AVD2: Accident Video Diffusion for Accident Video Description

2025 IEEE International Conference on Robotics & Automation (ICRA2025)

AVD2: Accident Video Diffusion for Accident Video Description

The First Work to Generate Accident Videos:

This repository is an official implementation of AVD2: Accident Video Diffusion for Accident Video Description.

Created by:
Cheng Li^[1,2,*], Keyuan Zhou^[1,3,*], Tong Liu^[1,4,*], Yu Wang^[1,5,*], Mingqiao Zhuang^[6],
Huan-ang Gao^[1], Bu Jin^[1], and Hao Zhao^[1,7,8,†]

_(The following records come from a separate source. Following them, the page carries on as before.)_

lemma Omega_argmax_limit:
  fixes Y Z :: "nat \<Rightarrow> real^'n"
  assumes Y: "Y \<longlonglongrightarrow> y" and Z: "Z \<longlonglongrightarrow> z" and YZ: "\<And>k. Omega_argmax (Y k) (Z k)"
  shows "Omega_argmax y z"
  unfolding Omega_argmax_def
proof (intro conjI ballI)
  have "Z k \<in> Omega" for k using YZ by (simp add: Omega_argmax_def)
  then show "z \<in> Omega" by (rule closed_sequentially[OF closed_Omega _ Z])
  fix w :: "real^'n" assume "w \<in> Omega"
  then have "\<forall>k. Y k \<bullet> w \<le> Y k \<bullet> Z k" using YZ by (simp add: Omega_argmax_def)
  then show "y \<bullet> w \<le> y \<bullet> z"
    by (intro LIMSEQ_le[OF tendsto_inner[OF Y tendsto_const] tendsto_inner[OF Y Z]]) simp
qed

text \<open>If \<open>u\<close> is a fixed point of the projected gradient step, then no coordinate of the gradient is
  positive: otherwise moving \<open>u\<close> along that coordinate axis and renormalising would increase the
  objective \<open>(u + \<gamma> g) \<bullet> w\<close>.\<close>

lemma grad_nonpos_of_Omega_argmax_fixed:
  fixes u g :: "real^'n"
  assumes u: "u \<in> Omega" and gam: "\<gamma> > 0" and gu: "g \<bullet> u = 0"
    and mx: "Omega_argmax (u + \<gamma> *\<^sub>R g) u"
  shows "g $ i \<le> 0"
proof (rule ccontr)
  assume "\<not> g $ i \<le> 0"
  define t where "t = \<gamma> * g $ i"
  have t: "t > 0" using gam \<open>\<not> g $ i \<le> 0\<close> by (simp add: t_def)
  define y where "y = u + \<gamma> *\<^sub>R g"
  define v where "v = u + t *\<^sub>R axis i (1::real)"
  have uu: "u \<bullet> u = 1" and un: "nonneg u" using u unfolding Omega_def by auto
  have yu: "y \<bullet> u = 1" unfolding y_def by (simp add: inner_add_left uu gu)
  have yi: "y $ i = u $ i + t" unfolding y_def t_def by simp
  have "v $ i > 0" using un t unfolding v_def nonneg_def by (simp add: add_nonneg_pos)
  then have nv: "norm v > 0" by auto
  have vv: "v \<bullet> v = 1 + 2 * t * u $ i + t\<^sup>2"
    unfolding v_def using uu
    by (simp add: inner_add_left inner_add_right inner_axis inner_commute power2_eq_square algebra_simps)
  have yv: "y \<bullet> v = 1 + t * y $ i"
    unfolding v_def using yu by (simp add: inner_add_right inner_axis mult.commute)
  have "nonneg v" using un t unfolding v_def nonneg_def by (auto simp: axis_def)
  then have "(1 / norm v) *\<^sub>R v \<in> Omega" using nv by (intro normalized_in_Omega) auto
  then have "y \<bullet> ((1 / norm v) *\<^sub>R v) \<le> y \<bullet> u" using mx unfolding y_def Omega_argmax_def by blast
  then have "y \<bullet> ((1 / norm v) *\<^sub>R v) \<le> 1" using yu by simp
  then have le: "1 + t * y $ i \<le> norm v" using nv unfolding yv[symmetric] by (simp add: divide_le_eq)
  have "0 \<le> 1 + t * y $ i" using t un unfolding yi nonneg_def by simp
  then have "(1 + t * y $ i)\<^sup>2 \<le> 1 + 2 * t * u $ i + t\<^sup>2"
    using le by (simp add: power_mono power2_norm_eq_inner[symmetric, of v] vv[symmetric])
  moreover have "(1 + t * y $ i)\<^sup>2 = 1 + 2 * t * u $ i + 2 * t\<^sup>2 + t\<^sup>2 * (y $ i)\<^sup>2"
    unfolding yi by (simp add: power2_eq_square algebra_simps)
  ultimately show False using t by (smt (verit) zero_le_power2 zero_less_power mult_nonneg_nonneg)
qed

* Indicates equal contribution.
† The corresponding author.

Affiliations:

Institute for AI Industry Research (AIR), Tsinghua University.
Academy of Interdisciplinary Studies, the Hong Kong University of Science and Technology.
College of Communication Engineering, Jilin University.
School of Cyber Science and Engineering, Nanjing University of Science and Technology.
School of Automation, Beijing Institute of Technology.
College of Foreign Language and Literature, Fudan University.
Beijing Academy of Artificial Intelligence (BAAI).
Lightwheel AI.

Our System Framework:

Our AVD2 Project Video is available at:

AVD2 Project Video: https://youtu.be/iGdSIofB_k8

Introduction

We propose a novel framework, AVD2 (Accident Video Diffusion for Accident Video Description), which enhances transparency and explainability in autonomous driving systems by providing detailed natural language narrations and reasoning for accident scenarios. AVD2 jointly tackles both the accident description and prevention tasks, offering actionable insights through a shared video representation.This repository includes (will be released soon) the full implementation of AVD2, along with the training and evaluation setups, the generated accident dataset EMMAU dataset and the conda environment.

Note

We have uploaded the required environment of our AVD2 system.
We have released the whole raw EMM-AU dataset (including raw MM-AU dataset and the raw generation videos.
We have released the whole processed dataset of the EMM-AU dataset.
We have released the instructions and codes for the data augmentation (including super-resolution code and the instructions for Open-Sora finetuning).
We have released the checkpoint file of our fintuned improved Open-Sora 1.2 model.
We have released the data preprocessing codes ("/root/src/prepro/") and the model evaluation codes ("/root/src/evalcap/"&"/root/evaluation/") of the project.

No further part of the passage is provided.